Most banks typically charge a spread over MCLR, and the applicable rate of interest to a home loan borrower is MCLR plus the spread. According to a PTI report, SBI chairman Rajnish Kumar had on Friday said that reduction in deposit rates will be required to cut the overall lending rates under the MCLR system. For effecting a rate cut in home loans, the bank will either have to decrease its one-year MCLR or go for a cut in its spread over MCLR for the product, he had said.
As per the MCLR rates published on SBI website, one-year MCLR effective 10 February continues to be at 8.55% and has not been revised.
In effect, SBI’s announcement of reducing home loan rates will be implemented by a reduction in spread on the loans, and not by a revision in MCLR, that too for home loans up to ₹30 lakh.
So why haven’t MCLR rates been cut? The MCLR calculation takes into account the interest rate that the bank offers on its deposits. To reduce MCLR, banks first need to reduce the deposit rates. However, banks are currently reluctant or unable to reduce deposit rates as they need to gather more deposits to fund rising demand of credit. At present, the growth in deposits is around 9% while growth in credit is around 14%. Read more on this here.
The home loan rate, according to your loan agreement with the bank, states the rate charged as MCLR plus spread. Accordingly, the spread, which ranges between 20 and 50 bps for SBI home loans up to ₹30 lakh, remains constant through the tenure of the loan. So existing borrowers will not see the benefit of the latest 5 bps cut in spread, and their home loans will continue at the present applicable rates.
The benefit of the 5ps cut will only go to new borrowers taking a home loan of up to ₹30 lakh from SBI after 8 February. Those taking a home loan of above ₹30 lakh will continue to pay the existing rate of MCLR plus spread.
Existing borrowers see a change in their interest rates only when the MCLR changes. Even after the change in MCLR, the change is reflected in your home loan rate from the reset date of your loan.

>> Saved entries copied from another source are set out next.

definition shift_pair :: "nat \<Rightarrow> nat \<Rightarrow> nat set set \<Rightarrow> nat set set \<Rightarrow> nat set set" where
  "shift_pair i j \<A> P =
     (if \<exists>F G. P = {F, G} \<and> moving i j \<A> F \<and> blocked i j \<A> G
      then exchange i j ` P else shift_set i j \<A> ` P)"

locale uniform_family =
  fixes k :: nat and \<A> :: "nat set set"
  assumes finite_family: "finite \<A>"
    and finite_member: "A \<in> \<A> \<Longrightarrow> finite A"
    and card_member: "A \<in> \<A> \<Longrightarrow> card A = k"
begin

lemma exchange_pair_in_adjacent_pairs:
  assumes "{F, G} \<in> adjacent_pairs k \<A>" "moving i j \<A> F" "blocked i j \<A> G"
  shows "{exchange i j F, exchange i j G} \<in> adjacent_pairs k (shift i j \<A>)"
proof -
  have FG: "F \<in> \<A>" "G \<in> \<A>" "F \<noteq> G" "card (F \<inter> G) = k - 1"
    using assms(1) by (simp_all add: doubleton_in_adjacent_pairs_iff)
  have "exchange i j F = shift_set i j \<A> F" using assms(2) by (simp add: shift_set_moving)
  moreover have "exchange i j G = shift_set i j \<A> (exchange i j G)"
    by (simp add: shift_set_exchange)
  ultimately have "exchange i j F \<in> shift i j \<A>" "exchange i j G \<in> shift i j \<A>"
    using FG(1) assms(3) by (auto simp: shift_def blocked_def)
  moreover have "exchange i j F \<noteq> exchange i j G"
    using FG(3) assms(2,3) inj_on_exchange by (auto simp: moving_def blocked_def inj_on_def)
  moreover have "card (exchange i j F \<inter> exchange i j G) = k - 1"
    using FG assms(2,3) finite_member by (simp add: card_exchange_Int_exchange moving_def blocked_def)
  ultimately show ?thesis by (simp add: doubleton_in_adjacent_pairs_iff)
qed

text \<open>A set that neither moves nor is blocked satisfies \<open>j \<in> G \<longrightarrow> i \<in> G\<close>; if moreover
  \<open>j \<notin> G\<close> and \<open>i \<in> G\<close>, adjacency forces \<open>G = \<sigma> F\<close>, contradicting that \<open>F\<close> moves.\<close>
lemma card_exchange_Int_unblocked:
  assumes "F \<in> \<A>" "G \<in> \<A>" "card (F \<inter> G) = k - 1"
    and "moving i j \<A> F" "\<not> moving i j \<A> G" "\<not> blocked i j \<A> G"
  shows "card (exchange i j F \<inter> G) = k - 1"
proof (cases "i \<in> G \<longleftrightarrow> j \<in> G")
  case True
  with assms show ?thesis
    using finite_member by (simp add: card_exchange_Int moving_def)
next
  case False
  then have "j \<notin> G" "i \<in> G" using assms(5,6) by (auto simp: moving_def blocked_def)
  then have "exchange i j F = G"
    using assms(1-4) finite_member card_member by (intro exchange_eq_if_card_Int) (auto simp: moving_def)
  with assms(2,4) show ?thesis by (simp add: moving_def)
qed

lemma shift_set_pair_in_adjacent_pairs:
  assumes "{F, G} \<in> adjacent_pairs k \<A>"
    and "\<not> (moving i j \<A> F \<and> blocked i j \<A> G)" "\<not> (moving i j \<A> G \<and> blocked i j \<A> F)"
  shows "{shift_set i j \<A> F, shift_set i j \<A> G} \<in> adjacent_pairs k (shift i j \<A>)"
proof -
  have FG: "F \<in> \<A>" "G \<in> \<A>" "F \<noteq> G" "card (F \<inter> G) = k - 1"
    using assms(1) by (simp_all add: doubleton_in_adjacent_pairs_iff)
  have "card (shift_set i j \<A> F \<inter> shift_set i j \<A> G) = k - 1"
  proof (cases "moving i j \<A> F"; cases "moving i j \<A> G")
    assume "moving i j \<A> F" "moving i j \<A> G"
    then show ?thesis
      using FG finite_member by (simp add: shift_set_moving card_exchange_Int_exchange moving_def)
  next
    assume "moving i j \<A> F" "\<not> moving i j \<A> G"
    then show ?thesis
      using FG assms(2) by (simp add: shift_set_moving shift_set_not_moving card_exchange_Int_unblocked)
  next
    assume "\<not> moving i j \<A> F" "moving i j \<A> G"
    then show ?thesis
      using FG assms(3) card_exchange_Int_unblocked[of G F]
      by (simp add: shift_set_moving shift_set_not_moving Int_commute)
  next
    assume "\<not> moving i j \<A> F" "\<not> moving i j \<A> G"
    then show ?thesis using FG by (simp add: shift_set_not_moving)
  qed
  moreover have "shift_set i j \<A> F \<noteq> shift_set i j \<A> G"
    using FG inj_on_shift_set by (metis inj_on_contraD)
  ultimately show ?thesis
    using FG(1,2) by (simp add: doubleton_in_adjacent_pairs_iff shift_def)
qed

Typically, home loan rates are reset every year and the existing MCLR at the time of your reset is used as the MCLR for your home loan for the next one year.
Following SBI, other banks too could reduce interest rates on loans. Eventually, with RBI reducing rates further, banks could also cut deposit rates and hence MCLR-linked lending rates may also go down.
So should you wait for your bank to reduce the rates and pass on the benefits or should you switch to another bank offering a lower rate?
RBI had in December 2018 said that all new floating rate loans from April 2019 will have to be linked with an external benchmark. Though the final guidelines for the same have not come out yet, it is advisable to wait till April to see how the external benchmarking of loans firms up.
“I do not suggest reading too much on a reduction of 5 bps. This should not make anyone think of switching their loan to another bank. Only if the difference in the existing and new rate is significant should a person do a cost benefit analysis to arrive at a conclusion of whether to switch their loan or not,” said Prakash Praharaj, founder Max Secure Financial Planners.
Moreover, he said, many people having a home loan on the older base rate system have not switched to MCLR-linked loans because the switch is not easy, especially in banks like SBI where the rates are competitive.
Do not decide on switching a home loan only for a 5 bps reduction in rate. The recent 25 bps cut by RBI is expected to be followed up with another rate cut in FY20 which could lead to sharper reduction in rates being offered by banks. Also, wait for more clarity on the external benchmarking of loans, which could make loan pricing more transparent.